As part of the now annual Microsoft Surface event, Panos Panay announced the next member of the Surface family, the Surface Studio. The Studio is ultimately a prosumer all-in-one device promising more functionality and versatility than any other desktop all-in-one PC by allowing the device to also turn a desk into a studio.

Front and center in what makes the Studio impressive is the size of the display: a 28-inch thin-bezel LCD display with a 3:2 aspect ratio, coming in at a 4500x3000 resolution and 192 pixels per inch. By contrast to 4K, this is 13.5 million pixels compared to 8.3 million in UHD, and Microsoft is promoting True Scale with the studio such that two A4 pieces of paper can be rendered side by side at full resolution and at a higher DPI than most standard office printers. The display is 12.5mm thin, with Microsoft redesigning the LCD stack to ensure a slim profile.
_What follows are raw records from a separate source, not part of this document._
lemma norm_zeta_q_binom_term_le:
  fixes q c :: real
  assumes q: "0 < q" "q < 1" and "c < Re u" and small: "exp (c * ln q) * q ^ r \<le> 1/2"
  shows "norm (zeta_q_binom_term q s r u) \<le> 2 * exp (c * ln q) * (norm (gbinom s r) * q ^ r)"
proof -
  let ?x = "rpow q (u + of_nat r)"
  have "norm ?x = exp ((Re u + real r) * ln q)"
    by (simp add: norm_rpow)
  also have "\<dots> \<le> exp ((c + real r) * ln q)"
    using assms by (auto intro: mult_right_mono_neg)
  also have "\<dots> = exp (c * ln q) * q ^ r"
    using q(1) by (rule exp_add_of_nat_mult_ln)
  finally have x: "norm ?x \<le> exp (c * ln q) * q ^ r" .
  moreover have "1/2 \<le> norm (1 - ?x)"
    using norm_triangle_ineq2[of 1 ?x] x small by simp
  ultimately have "norm (zeta_q_binom_term q s r u) \<le> norm (gbinom s r) * (exp (c * ln q) * q ^ r) / (1/2)"
    unfolding zeta_q_binom_term_def norm_mult norm_divide
    using q by (intro frac_le mult_left_mono) auto
  then show ?thesis by (simp add: mult_ac)
qed

lemma zeta_q_binom_series_holomorphic:
  fixes q :: real
  assumes q: "0 < q" "q < 1"
  obtains g where "g holomorphic_on - zeta_q_poles q"
    and "\<And>u. u \<notin> zeta_q_poles q \<Longrightarrow> (\<lambda>r. zeta_q_binom_term q s r u) sums g u"
proof -
  let ?S = "- zeta_q_poles q"
  have S: "open ?S" using closed_zeta_q_poles[OF q] by blast
  have local_bound: "\<exists>d h. 0 < d \<and> summable h \<and>
      (\<forall>\<^sub>F r in sequentially. \<forall>y\<in>ball x d \<inter> ?S. norm (zeta_q_binom_term q s r y) \<le> h r)" for x
  proof (intro exI conjI)
    define K where "K = exp ((Re x - 1) * ln q)"
    have "(\<lambda>r. K * q ^ r) \<longlonglongrightarrow> 0"
      using q by (intro tendsto_mult_right_zero LIMSEQ_power_zero) auto
    then have "\<forall>\<^sub>F r in sequentially. K * q ^ r \<le> 1/2"
      by (rule order_tendstoD(2)[where a = "1/2", THEN eventually_mono]) auto
    moreover have "Re x - 1 < Re y" if "y \<in> ball x 1" for y
      using that abs_Re_le_cmod[of "x - y"] by (auto simp: dist_norm)
    ultimately show "\<forall>\<^sub>F r in sequentially. \<forall>y\<in>ball x 1 \<inter> ?S.
        norm (zeta_q_binom_term q s r y) \<le> 2 * K * (norm (gbinom s r) * q ^ r)"
      unfolding K_def by (auto elim!: eventually_mono intro!: norm_zeta_q_binom_term_le[OF q])
    show "summable (\<lambda>r. 2 * K * (norm (gbinom s r) * q ^ r))"
      using q by (intro summable_mult summable_norm_gbinom_power) auto
  qed simp
  have "\<exists>g g'. \<forall>u\<in>?S. (\<lambda>r. zeta_q_binom_term q s r u) sums g u \<and>
      (\<lambda>r. deriv (zeta_q_binom_term q s r) u) sums g' u \<and> (g has_field_derivative g' u) (at u)"
  proof (rule series_and_derivative_comparison_local[OF S])
    show "(zeta_q_binom_term q s r has_field_derivative deriv (zeta_q_binom_term q s r) u) (at u)"
      if "u \<in> ?S" for r u
      using holomorphic_zeta_q_binom_term[OF q] S that by (rule holomorphic_derivI)
  qed (rule local_bound)
  then obtain g g' where g: "\<And>u. u \<in> ?S \<Longrightarrow>
      (\<lambda>r. zeta_q_binom_term q s r u) sums g u \<and> (g has_field_derivative g' u) (at u)"
    by blast
  show ?thesis
  proof
    show "g holomorphic_on ?S"
      using g S by (auto simp: holomorphic_on_open)
  qed (use g in auto)
qed
(* Let $\sigma$ be a finite simplex whose vertices are linearly ordered by $\le$, let $Y$ be a topological space, and let $\Phi,\Psi:\sigma\rightrightarrows Y$ be mappings (to nonempty subsets) such that for each $v\in\sigma$, $\Phi(v)$ is contractible in $\Psi(v)$, and $\Psi(v)\subset\Phi(u)$ for all $u,v\in\sigma$ with $u<v$. For every $v\in\sigma$ fix a contraction $H_v:\Phi(v)\times[0,1]\to\Psi(v)$ of $\Phi(v)$ into a point $p_v\in\Psi(v)$. Then there exists a unique continuous map $h:|\sigma|\to Y$ such that (i) $h(v)=p_v$ for every $v\in\sigma$; (ii) $h(tv+(1-t)z)=H_v(h(z),t)$ for all $z\in|\tau|$ and $t\in[0,1]$, whenever $\tau\subset\sigma$ is a nonempty face and $v\in\sigma$ satisfies $v<u$ for every $u\in\tau$.
   Context: $|\sigma|$ denotes the geometric simplex (convex hull of the vertices of $\sigma$, taken linearly independent in a linear space), and $|\tau|\subset|\sigma|$ that of a face $\tau$; $tv+(1-t)z$ is the usual convex combination in $|\sigma|$. A contraction of $S\subset T$ into $p\in T$ is a continuous $H:S\times[0,1]\to T$ with $H(y,0)=y$, $H(y,1)=p$ for all $y\in S$; $\Phi(v)$ is contractible in $\Psi(v)$ if such a contraction into $\Psi(v)$ exists. *)

theory Defs
  imports "HOL-Analysis.Analysis"
begin

definition contraction_into ::
  "'y topology \<Rightarrow> 'y set \<Rightarrow> 'y set \<Rightarrow> 'y \<Rightarrow> ('y \<times> real \<Rightarrow> 'y) \<Rightarrow> bool" where
  "contraction_into Y S T p H \<longleftrightarrow>
     continuous_map (prod_topology (subtopology Y S) (top_of_set {0..1})) (subtopology Y T) H \<and>
     (\<forall>y\<in>S. H (y, 0) = y \<and> H (y, 1) = p)"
The display connects to the base via a specialist hinge, featuring 80 machined parts on each side for what Microsoft calls a ‘Zero Gravity Hinge’. This allows the display to be moved seamlessly and for any plausible angle, as well as taking on extra weight in studio mode. The display has two buttons on the right-hand side for power and volume. On the top of the display is the Windows Hello-enabled camera, with a 5.0 MP element capable of 1080p video (we assume 30 FPS). The Studio supports the Surface Pen, which can attach to the side of the display.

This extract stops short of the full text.